Diagram comparing procedural programming syntax with object oriented dot notation.

Mental shift: Procedural programming passes data into an external tool (e.g., function(data)). Object Oriented programming asks the data to use its own internal tool (e.g., data.method()).

For example, to get a technical summary of your data, you use the .info() method:

data.info()

Table 2:Output of data.info() method

ColumnNon-Null CountDtype
City4 non-nullobject
Population4 non-nullint64

You are effectively telling Python: “Hey data object, run your own internal info() tool.” This mental shift—typing df.info() instead of info(df)—is the core to mastering Pandas.


3. The Pandas Index

If you look at the printed DataFrame from the first section, you will notice a column of numbers on the far left (0, 1, 2, 3) that we did not create. This is the Index.

In standard Python lists, positions are strictly sequential integers (0, 1, 2). While a Pandas DataFrame also defaults to a numbered index, its index is actually a set of row labels.

Diagram highlighting the difference between the Index row labels and standard Columns in a Pandas DataFrame.

The anatomy of a DataFrame: The Index provides row labels (vertical), while the Columns hold the actual data features (horizontal).

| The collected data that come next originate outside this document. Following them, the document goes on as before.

(* Let $c=56^2$ and $c'=27$. Let $0<\epsilon\le\Delta\le1$, let $n\ge2$, and let $\tilde p$ be a probability distribution on $\{1,\dots,n\}$. Let $S=c(\Delta/\epsilon)^2\log n$ and let $\beta\le1$ satisfy $1-\beta\ge8\Delta$. Assume $\{1,\dots,n\}$ is partitioned into sets $H$ and $L$ with $\sum_{i\in L}\tilde p_i=1-\beta$, $\sum_{i\in H}\tilde p_i=\beta$, and $\sum_{i\in L}\tilde p_i^2\le (1-\beta)^2/S$. Let $v_1,\dots,v_{k_1}\in[-1,1]^n$ with $k_1=n^2$, and let $p_1,\dots,p_{k_2}$ be probability distributions on $\{1,\dots,n\}$ with $k_2\le n^{c'(\Delta/\epsilon)^2}$. Then there exists a probability distribution $\tilde p'$ on $\{1,\dots,n\}$ with $\mathrm{supp}(\tilde p')\subseteq\mathrm{supp}(\tilde p)$ such that: (1) $d(\tilde p,\tilde p')=3\Delta$; (2) $\tilde p'\cdot v_i\le\tilde p\cdot v_i+\epsilon$ for all $i\in\{1,\dots,k_1\}$; (3) $d(\tilde p',p_i)>d(\tilde p,p_i)-\Delta$ for all $i\in\{1,\dots,k_2\}$.
   Context: $\mathrm{supp}(p)=\{i:p_i>0\}$. For distributions $p,p'$, $d(p,p')=\frac12\sum_i|p_i-p'_i|$ (variation distance). $\log$ is the natural logarithm. *)

theory Defs
  imports Complex_Main
begin

text \<open>Probability distributions on {1..n}, represented as functions nat => real
  (values outside {1..n} are irrelevant).\<close>
definition prob_dist :: "nat \<Rightarrow> (nat \<Rightarrow> real) \<Rightarrow> bool" where
  "prob_dist n p \<longleftrightarrow> (\<forall>i\<in>{1..n}. p i \<ge> 0) \<and> (\<Sum>i=1..n. p i) = 1"

definition supp :: "nat \<Rightarrow> (nat \<Rightarrow> real) \<Rightarrow> nat set" where
  "supp n p = {i\<in>{1..n}. p i > 0}"

definition var_dist :: "nat \<Rightarrow> (nat \<Rightarrow> real) \<Rightarrow> (nat \<Rightarrow> real) \<Rightarrow> real" where
  "var_dist n p q = (1/2) * (\<Sum>i=1..n. \<bar>p i - q i\<bar>)"

definition dotp :: "nat \<Rightarrow> (nat \<Rightarrow> real) \<Rightarrow> (nat \<Rightarrow> real) \<Rightarrow> real" where
  "dotp n p v = (\<Sum>i=1..n. p i * v i)"

end

theory Submission
  imports Defs "HOL-Probability.Hoeffding"
begin

text \<open>
  Let \<open>q\<close> be \<open>p\<close> conditioned on \<open>L\<close> and draw \<open>m \<approx> S/4\<close> independent samples from \<open>q\<close>.
  With positive probability the empirical distribution \<open>e\<close> of the sample has three properties
  at once. Its variation distance from \<open>q\<close> exceeds \<open>1/2\<close>: this distance is at least
  \<open>1 - \<Sum>\<^sub>k q(\<omega>\<^sub>k)\<close>, and by Markov's inequality the sum is below \<open>1/2\<close>, its mean being
  \<open>m \<Sum> q\<^sup>2 \<le> m/S \<le> 1/4\<close>. And, by Hoeffding's inequality and a union bound over the
  \<open>k\<^sub>1 + k\<^sub>2\<close> tests, every \<open>v\<^sub>i\<close> has \<open>e\<close>-average less than its \<open>q\<close>-average plus
  \<open>\<epsilon>/(6\<Delta>)\<close>, and every sign vector \<open>sgn(p - p\<^sub>i)\<close> has \<open>e\<close>-average more than its
  \<open>q\<close>-average minus \<open>1/3\<close>.
  Then \<open>p' = p + \<alpha>(e - q)\<close> with \<open>\<alpha> = 3\<Delta>/d(e,q) < 6\<Delta>\<close> works: it is nonnegative since
  \<open>6\<Delta> q \<le> p\<close> (as \<open>1 - \<beta> \<ge> 8\<Delta>\<close>), it is at distance exactly \<open>3\<Delta>\<close> from \<open>p\<close>, it changes
  each \<open>p\<cdot>v\<^sub>i\<close> by less than \<open>\<epsilon>\<close>, and since \<open>2 d(p', p\<^sub>i) \<ge> \<Sum> sgn(p - p\<^sub>i)(p' - p\<^sub>i)\<close>
  it lowers each \<open>d(\<cdot>, p\<^sub>i)\<close> by less than \<open>\<Delta>\<close>.
\<close>

section \<open>Variation distance and empirical distributions\<close>

lemma var_dist_eq_one_minus_sum_min:
  assumes "prob_dist n p" "prob_dist n q"
  shows "var_dist n p q = 1 - (\<Sum>j=1..n. min (p j) (q j))"
proof -
  have "(\<Sum>j=1..n. \<bar>p j - q j\<bar>) = (\<Sum>j=1..n. p j + q j - 2 * min (p j) (q j))"
    by (intro sum.cong) (auto simp: min_def)
  also have "\<dots> = 2 - 2 * (\<Sum>j=1..n. min (p j) (q j))"
    using assms by (simp add: prob_dist_def sum.distrib sum_subtractf sum_distrib_left)
  finally show ?thesis by (simp add: var_dist_def)
qed

lemma prob_dist_le_1:
  assumes "prob_dist n q" "j \<in> {1..n}"
  shows "q j \<le> 1"
  using assms member_le_sum[of j "{1..n}" q] by (simp add: prob_dist_def)

definition empirical :: "nat \<Rightarrow> (nat \<Rightarrow> nat) \<Rightarrow> nat \<Rightarrow> real" where
  "empirical m \<omega> j = card {k\<in>{..<m}. \<omega> k = j} / m"

lemma empirical_nonneg: "empirical m \<omega> j \<ge> 0"
  by (simp add: empirical_def)

lemma dotp_empirical:
  assumes "\<forall>k<m. \<omega> k \<in> {1..n}"
  shows "dotp n (empirical m \<omega>) f = (\<Sum>k<m. f (\<omega> k)) / m"
proof -
  have "(\<Sum>j=1..n. card {k\<in>{..<m}. \<omega> k = j} * f j) = (\<Sum>j=1..n. \<Sum>k\<in>{k\<in>{..<m}. \<omega> k = j}. f (\<omega> k))"
    by simp
  also have "\<dots> = (\<Sum>k<m. f (\<omega> k))"
    using assms by (intro sum.group) auto
  finally show ?thesis
    by (simp add: dotp_def empirical_def flip: sum_divide_distrib)
qed

lemma prob_dist_empirical:
  assumes "m > 0" "\<forall>k<m. \<omega> k \<in> {1..n}"
  shows "prob_dist n (empirical m \<omega>)"
  using dotp_empirical[OF assms(2), of "\<lambda>_. 1"] assms(1)
  by (simp add: prob_dist_def dotp_def empirical_nonneg)

lemma supp_empirical: "supp n (empirical m \<omega>) \<subseteq> \<omega> ` {..<m}"
proof
  fix j assume "j \<in> supp n (empirical m \<omega>)"
  then have "0 < real (card {k\<in>{..<m}. \<omega> k = j}) / m"
    unfolding supp_def empirical_def by blast
  then have "{k\<in>{..<m}. \<omega> k = j} \<noteq> {}"
    by (auto simp: zero_less_divide_iff card_gt_0_iff)
  then show "j \<in> \<omega> ` {..<m}" by blast
qed

lemma var_dist_empirical_ge:
  assumes "m > 0" "\<forall>k<m. \<omega> k \<in> {1..n}" and q: "prob_dist n q"
  shows "var_dist n (empirical m \<omega>) q \<ge> 1 - (\<Sum>k<m. q (\<omega> k))"
proof -
  \<comment> \<open>\<open>m * empirical m \<omega> j\<close> is a count, hence either \<open>0\<close> or at least \<open>1\<close>.\<close>
  have "min (empirical m \<omega> j) (q j) \<le> m * empirical m \<omega> j * q j" if "j \<in> {1..n}" for j
  proof (cases "card {k\<in>{..<m}. \<omega> k = j} = 0")
    case True
    then show ?thesis unfolding empirical_def True by simp
  next
    case False
    then have "1 \<le> real (card {k\<in>{..<m}. \<omega> k = j})"
      by (metis less_one not_le of_nat_1 of_nat_le_iff)
    then have "1 \<le> m * empirical m \<omega> j"
      using \<open>m > 0\<close> by (simp add: empirical_def)
    moreover have "q j \<ge> 0" using q that by (simp add: prob_dist_def)
    ultimately have "q j \<le> m * empirical m \<omega> j * q j"
      using mult_right_mono[of 1 "m * empirical m \<omega> j" "q j"] by simp
    then show ?thesis by linarith
  qed
  then have "(\<Sum>j=1..n. min (empirical m \<omega> j) (q j)) \<le> m * dotp n (empirical m \<omega>) q"
    unfolding dotp_def sum_distrib_left by (intro sum_mono) (simp add: mult.assoc)
  also have "\<dots> = (\<Sum>k<m. q (\<omega> k))"
    using \<open>m > 0\<close> by (simp add: dotp_empirical[OF assms(2)])
  finally show ?thesis
    using var_dist_eq_one_minus_sum_min[OF prob_dist_empirical[OF assms(1,2)] q] by simp
qed

section \<open>Shifting a distribution\<close>

lemma dotp_shift:
  "dotp n (\<lambda>j. p j + \<alpha> * (e j - q j)) v = dotp n p v + \<alpha> * (dotp n e v - dotp n q v)"
  by (simp add: dotp_def algebra_simps sum.distrib sum_subtractf sum_distrib_left)

lemma var_dist_shift:
  "var_dist n p (\<lambda>j. p j + \<alpha> * (e j - q j)) = \<bar>\<alpha>\<bar> * var_dist n e q"
  by (simp add: var_dist_def abs_mult sum_distrib_left)

lemma var_dist_shift_ge:
  fixes p e q r :: "nat \<Rightarrow> real" and \<alpha> :: real
  defines "s \<equiv> \<lambda>j. sgn (p j - r j)"
  shows "var_dist n (\<lambda>j. p j + \<alpha> * (e j - q j)) r \<ge> var_dist n p r + \<alpha> / 2 * (dotp n e s - dotp n q s)"
proof -
  have "dotp n (\<lambda>j. p j + \<alpha> * (e j - q j) - r j) s \<le> (\<Sum>j=1..n. \<bar>p j + \<alpha> * (e j - q j) - r j\<bar>)"
    unfolding dotp_def s_def by (intro sum_mono) (auto simp: sgn_if)
  moreover have "(\<Sum>j=1..n. \<bar>p j - r j\<bar>) = dotp n (\<lambda>j. p j - r j) s"
    unfolding dotp_def s_def by (intro sum.cong) (auto simp: sgn_if)
  then have "dotp n (\<lambda>j. p j + \<alpha> * (e j - q j) - r j) s
      = (\<Sum>j=1..n. \<bar>p j - r j\<bar>) + \<alpha> * (dotp n e s - dotp n q s)"
    unfolding dotp_def by (simp add: algebra_simps sum.distrib sum_subtractf sum_distrib_left)
  ultimately show ?thesis by (simp add: var_dist_def)
qed

context
  fixes n :: nat and p e q :: "nat \<Rightarrow> real" and \<alpha> :: real
  assumes p: "prob_dist n p" and e: "prob_dist n e" and q: "prob_dist n q"
    and "\<alpha> > 0" and room: "\<forall>j\<in>{1..n}. \<alpha> * q j \<le> p j"
begin

lemma prob_dist_shift: "prob_dist n (\<lambda>j. p j + \<alpha> * (e j - q j))"
proof -
  have "0 \<le> p j + \<alpha> * (e j - q j)" if "j \<in> {1..n}" for j
  proof -
    have "\<alpha> * q j \<le> p j" "0 \<le> \<alpha> * e j"
      using room that e \<open>\<alpha> > 0\<close> by (auto simp: prob_dist_def)
    then show ?thesis by (simp add: algebra_simps)
  qed
  moreover have "(\<Sum>j=1..n. p j + \<alpha> * (e j - q j)) = 1"
    using dotp_shift[of n p \<alpha> e q "\<lambda>_. 1"] p e q by (simp add: dotp_def prob_dist_def)
  ultimately show ?thesis by (simp add: prob_dist_def)
qed

lemma supp_shift_subset:
  assumes "supp n e \<subseteq> supp n p"
  shows "supp n (\<lambda>j. p j + \<alpha> * (e j - q j)) \<subseteq> supp n p"
proof
  fix j assume "j \<in> supp n (\<lambda>j. p j + \<alpha> * (e j - q j))"
  then have j: "j \<in> {1..n}" "p j + \<alpha> * (e j - q j) > 0" by (auto simp: supp_def)
  show "j \<in> supp n p"
  proof (rule ccontr)
    assume "j \<notin> supp n p"
    then have "p j = 0" using p j(1) by (force simp: supp_def prob_dist_def)
    then have "q j = 0"
      using room j(1) q \<open>\<alpha> > 0\<close> by (force simp: prob_dist_def mult_le_0_iff)
    then have "e j > 0" using j(2) \<open>p j = 0\<close> \<open>\<alpha> > 0\<close> by (simp add: zero_less_mult_iff)
    then show False using assms j(1) \<open>j \<notin> supp n p\<close> by (auto simp: supp_def)
  qed
qed

end

lemma ex_shifted_dist:
  fixes p e q :: "nat \<Rightarrow> real" and v P :: "nat \<Rightarrow> nat \<Rightarrow> real"
  assumes p: "prob_dist n p" and e: "prob_dist n e" and q: "prob_dist n q"
    and far: "var_dist n e q > 1/2" and "\<Delta> > 0" "\<epsilon> \<ge> 0"
    and q_le: "\<forall>j\<in>{1..n}. 6 * \<Delta> * q j \<le> p j" and supp_e: "supp n e \<subseteq> supp n p"
    and tests: "\<forall>i\<in>I. dotp n e (v i) < dotp n q (v i) + \<epsilon> / (6 * \<Delta>)"
    and signs: "\<forall>i\<in>J. dotp n e (\<lambda>j. sgn (p j - P i j)) > dotp n q (\<lambda>j. sgn (p j - P i j)) - 1/3"
  shows "\<exists>p'. prob_dist n p' \<and> supp n p' \<subseteq> supp n p \<and> var_dist n p p' = 3 * \<Delta>
           \<and> (\<forall>i\<in>I. dotp n p' (v i) \<le> dotp n p (v i) + \<epsilon>)
           \<and> (\<forall>i\<in>J. var_dist n p' (P i) > var_dist n p (P i) - \<Delta>)"
proof -
  define \<alpha> where "\<alpha> = 3 * \<Delta> / var_dist n e q"
  define p' where "p' = (\<lambda>j. p j + \<alpha> * (e j - q j))"
  have "\<alpha> > 0" "\<alpha> < 6 * \<Delta>"
    using far \<open>\<Delta> > 0\<close> by (auto simp: \<alpha>_def field_simps)
  have "\<forall>j\<in>{1..n}. \<alpha> * q j \<le> p j"
  proof
    fix j assume j: "j \<in> {1..n}"
    have "\<alpha> * q j \<le> 6 * \<Delta> * q j"
      using \<open>\<alpha> < 6 * \<Delta>\<close> q j by (intro mult_right_mono) (auto simp: prob_dist_def)
    then show "\<alpha> * q j \<le> p j" using q_le j by fastforce
  qed
  then have "prob_dist n p'" "supp n p' \<subseteq> supp n p"
    using prob_dist_shift supp_shift_subset p e q \<open>\<alpha> > 0\<close> supp_e by (simp_all add: p'_def)
  moreover have "var_dist n p p' = 3 * \<Delta>"
    using var_dist_shift[of n p \<alpha> e q] far \<open>\<alpha> > 0\<close> \<open>\<Delta> > 0\<close> by (simp add: p'_def \<alpha>_def)
  moreover have "dotp n p' (v i) \<le> dotp n p (v i) + \<epsilon>" if "i \<in> I" for i
  proof -
    have "\<alpha> * (dotp n e (v i) - dotp n q (v i)) \<le> \<alpha> * (\<epsilon> / (6 * \<Delta>))"
      using tests that \<open>\<alpha> > 0\<close> by (intro mult_left_mono) auto
    also have "\<dots> \<le> 6 * \<Delta> * (\<epsilon> / (6 * \<Delta>))"
      using \<open>\<alpha> < 6 * \<Delta>\<close> \<open>\<Delta> > 0\<close> \<open>\<epsilon> \<ge> 0\<close> by (intro mult_right_mono) auto
    finally show ?thesis
      using \<open>\<Delta> > 0\<close> by (simp add: p'_def dotp_shift)
  qed
  moreover have "var_dist n p' (P i) > var_dist n p (P i) - \<Delta>" if "i \<in> J" for i
  proof -
    have "\<alpha> / 2 * (dotp n e (\<lambda>j. sgn (p j - P i j)) - dotp n q (\<lambda>j. sgn (p j - P i j))) > \<alpha> / 2 * (- 1/3)"
      using signs that \<open>\<alpha> > 0\<close> by (intro mult_strict_left_mono) auto
    then show ?thesis
      using var_dist_shift_ge[where p=p and e=e and q=q and r="P i" and \<alpha>=\<alpha> and n=n] \<open>\<alpha> < 6 * \<Delta>\<close>
      unfolding p'_def by linarith
  qed
  ultimately show ?thesis by blast
qed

The index does not have to be a simple sequence of numbers. You can assign names, dates, or unique IDs as the index.

# Setting a custom text index instead of numbers
data = data.set_index("City")
print(data)

Table 3:Output of data after setting a custom Index

City (Index)Population
Zurich415000
Geneva201000
Bern133000
Basel177000

By labeling rows, Pandas allows you to instantly extract data based on meaningful identifiers (like extracting a row labeled “Zurich”) instead of having to remember that Zurich was at position 0.


4. Data Types (dtypes)

When working with basic Python, you are used to data types like integers (int), decimal numbers (float), and text strings (str).

Pandas uses slightly different terminology for its data types, referred to as dtypes. Because Pandas is built on top of a high performance math library called NumPy, its dtypes reflect precise computer memory allocations. As you saw in the .info() output table above, Pandas assigned specific dtypes to our columns:

  • int64: A 64 bit integer (same as Python int).

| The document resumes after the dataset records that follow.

lemma poly_map_single0_at_var:
  "poly (map_poly (Poly_Mapping.single 0) p) (Poly_Mapping.single (Poly_Mapping.single i 1) c)
    = (\<Sum>k\<le>degree p. Poly_Mapping.single (Poly_Mapping.single i k) (coeff p k * c ^ k) :: ('v, 'a::comm_ring_1) mpoly)"
proof -
  have "poly (map_poly (Poly_Mapping.single 0) p) (Poly_Mapping.single (Poly_Mapping.single i 1) c)
    = (\<Sum>k\<le>degree p. Poly_Mapping.single (Poly_Mapping.single i 1) c ^ k * Poly_Mapping.single 0 (coeff p k))"
    unfolding eval_poly_def[symmetric] by (rule eval_poly_as_sum) simp
  also have "\<dots> = (\<Sum>k\<le>degree p. Poly_Mapping.single (Poly_Mapping.single i k) (coeff p k * c ^ k))"
    by (rule sum.cong[OF refl]) (simp only: single_var_power mult_single add_0_left add_0_right mult.commute)
  finally show ?thesis .
qed

context monomial_ordering
begin

lemma coeff_ideal_inf_not_subset_if_monic_relation:
  fixes I :: "('v, 'a::comm_ring_1) mpoly set"
  assumes I: "is_ideal I" and P: "prime_ideal P" and p: "lead_coeff p = 1" and "w \<notin> P" "c \<notin> P"
    and rel: "const_smult w (poly (map_poly (Poly_Mapping.single 0) p) (Poly_Mapping.single (Poly_Mapping.single i 1) c)) \<in> I"
  shows "\<not> coeff_ideal_inf (init_ideal le I) i \<subseteq> P"
proof -
  define n where "n = degree p"
  define a where "a k = (case k of 0 \<Rightarrow> 0 | Suc k \<Rightarrow> w * (coeff p k * c ^ k))" for k
  \<comment> \<open>H = x_i w p(c x_i); the factor x_i makes the exponent positive, since
    \<open>coeff_ideal_inf\<close> only involves the powers x_i^k with k >= 1.\<close>
  define H where "H = (\<Sum>k\<le>Suc n. Poly_Mapping.single (Poly_Mapping.single i k) (a k))"
  have "H = (\<Sum>k\<le>n. Poly_Mapping.single (Poly_Mapping.single i (Suc k)) (w * (coeff p k * c ^ k)))"
    unfolding H_def sum.atMost_Suc_shift by (simp add: a_def)
  also have "\<dots> = const_smult w (poly (map_poly (Poly_Mapping.single 0) p) (Poly_Mapping.single (Poly_Mapping.single i 1) c))
      * Poly_Mapping.single (Poly_Mapping.single i 1) 1"
    unfolding poly_map_single0_at_var n_def
    by (simp add: const_smult_def sum_distrib_left sum_distrib_right mult_single single_add[symmetric])
  finally have "H = \<dots>" .
  then have "H \<in> I"
    using is_ideal_mult[OF I rel] by (simp add: mult.commute)
  have "a (Suc n) = w * c ^ n"
    using p by (simp add: a_def n_def)
  then have a: "a (Suc n) \<notin> P"
    using prime_ideal_mult_notin[OF P \<open>w \<notin> P\<close> prime_ideal_power_notin[OF P \<open>c \<notin> P\<close>]] by simp
  then have "a (Suc n) \<noteq> 0"
    using is_ideal_zero[OF prime_ideal_is_ideal[OF P]] by auto
  then have lead: "lead_monom le H = Poly_Mapping.single i (Suc n)"
    unfolding H_def by (rule lead_monom_sum_single_powers)
  have coeff: "Poly_Mapping.lookup H (Poly_Mapping.single i (Suc n)) = a (Suc n)"
    unfolding H_def by (rule lookup_sum_single_powers) simp
  with \<open>a (Suc n) \<noteq> 0\<close> have "H \<noteq> 0" by auto
  from lead_coeff_mem_coeff_ideal_inf[OF \<open>H \<in> I\<close> this lead] coeff a show ?thesis
    by auto
qed

lemma coeff_ideal_inf_not_subset_if_loc_fin_gen:
  fixes I :: "('v, 'a::comm_ring_1) mpoly set"
  assumes I: "is_ideal I" and P: "prime_ideal P" and "loc_fin_gen const_smult I P"
  shows "\<not> coeff_ideal_inf (init_ideal le I) i \<subseteq> P"
proof -
  obtain p w c where p: "lead_coeff p = 1" and w: "w \<notin> P" and c: "c \<notin> P" and
    rel: "const_smult w (poly (map_poly (Poly_Mapping.single 0) p)
      (const_smult c (Poly_Mapping.single (Poly_Mapping.single i 1) 1))) \<in> I"
    using monic_relation_if_loc_fin_gen[OF I P assms(3), where t = "Poly_Mapping.single (Poly_Mapping.single i 1) 1"]
    by blast
  from rel have "const_smult w (poly (map_poly (Poly_Mapping.single 0) p)
      (Poly_Mapping.single (Poly_Mapping.single i 1) c)) \<in> I"
    by (simp only: const_smult_single mult_1_right)
  then show ?thesis
    by (rule coeff_ideal_inf_not_subset_if_monic_relation[OF I P p w c])
qed

end

lemma loc_fin_gen_if_coeff_ideal_inf_not_subset:
  fixes le :: "('v::finite \<Rightarrow>\<^sub>0 nat) \<Rightarrow> ('v \<Rightarrow>\<^sub>0 nat) \<Rightarrow> bool"
    and I :: "('v, 'a::comm_ring_1) mpoly set"
  assumes mo: "monomial_order le" and I: "is_ideal I" and P: "prime_ideal P"
    and not_subset: "\<And>i. \<not> coeff_ideal_inf (init_ideal le I) i \<subseteq> P"
  shows "loc_fin_gen const_smult I P"
proof -
  have "\<forall>i. \<exists>f k. f \<in> I \<and> lead_monom le f = Poly_Mapping.single i k \<and>
      Poly_Mapping.lookup f (Poly_Mapping.single i k) \<notin> P"
    using lead_power_if_coeff_ideal_inf_not_subset[OF prime_ideal_is_ideal[OF P] not_subset] by blast
  from choice[OF this] obtain f where "\<forall>i. \<exists>k. f i \<in> I \<and>
      lead_monom le (f i) = Poly_Mapping.single i k \<and> Poly_Mapping.lookup (f i) (Poly_Mapping.single i k) \<notin> P" ..
  from choice[OF this] obtain k where f: "\<forall>i. f i \<in> I \<and>
      lead_monom le (f i) = Poly_Mapping.single i (k i) \<and>
      Poly_Mapping.lookup (f i) (Poly_Mapping.single i (k i)) \<notin> P" ..
  show ?thesis
    by (rule loc_fin_gen_if_lead_powers[OF mo I P, where f = f and k = k]) (use f in simp_all)
qed

theorem proposition5p3:
  fixes le :: "('v::finite \<Rightarrow>\<^sub>0 nat) \<Rightarrow> ('v \<Rightarrow>\<^sub>0 nat) \<Rightarrow> bool"
    and I :: "('v, 'a::comm_ring_1) mpoly set"
    and P :: "'a set"
  assumes "noetherian_ring TYPE('a)"
    and "monomial_order le"
    and "is_ideal I"
    and "prime_ideal P"
  shows "loc_fin_gen const_smult I P \<longleftrightarrow>
         (\<forall>i. ext_ideal_unit (coeff_ideal_inf (init_ideal le I) i) P)"
proof -
  interpret monomial_ordering le
    by (rule monomial_ordering.intro) fact
  show ?thesis
    unfolding ext_ideal_unit_iff[OF assms(4)]
  proof (intro iffI allI)
    show "\<not> coeff_ideal_inf (init_ideal le I) i \<subseteq> P" if "loc_fin_gen const_smult I P" for i
      by (rule coeff_ideal_inf_not_subset_if_loc_fin_gen[OF assms(3,4) that])
    show "loc_fin_gen const_smult I P" if "\<forall>i. \<not> coeff_ideal_inf (init_ideal le I) i \<subseteq> P"
      using loc_fin_gen_if_coeff_ideal_inf_not_subset[OF assms(2-4)] that by blast
  qed
qed

end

  • float64: A 64 bit decimal number (same as Python float).

  • object: Typically represents text strings, or a mix of different types (comparable to Python str).

  • datetime64: A special type strictly for dates and times.

Whenever you load a new dataset, checking the dtypes is usually your very first step to ensure numbers were not accidentally imported as text.

Concept check

Imagine you load a CSV file where a “Population” column accidentally contains a missing value typed out as the word "Unknown", while the rest of the rows are normal numbers (e.g., 415000).

If you check the dtypes of this DataFrame, what dtype will Pandas assign to the “Population” column?


5. Exercise: Mental Model Check

Let us test your new mental model. Look at the code snippet below and identify the structural components.

import pandas as pd

weather_data = pd.read_csv("data.csv")
average_temp = weather_data["temperature"].mean()

Answer the following questions:

  1. What data structure is weather_data?

  2. What data structure is weather_data["temperature"]?

  3. If a DataFrame acts like a dictionary of Series, what are the “keys” of that dictionary?

  4. Is .mean() a standard Python function or a Pandas method?

# Write your code here

6. Summary: The OOP Data Shift

In this section, you learned how to shift your mindset from procedural Python to the Object Oriented logic of Pandas.

Key takeaways

  • A DataFrame is a programmable table, and each column inside it is a Series.

  • Instead of passing data into external functions, you trigger built in methods using dot notation.

  • Every DataFrame has an Index, which acts as a collection of row labels rather than just sequential positions.

  • Pandas uses optimized dtypes like float64 and object instead of native Python types.

With this mental model in place, you are ready to start loading and analyzing real world datasets!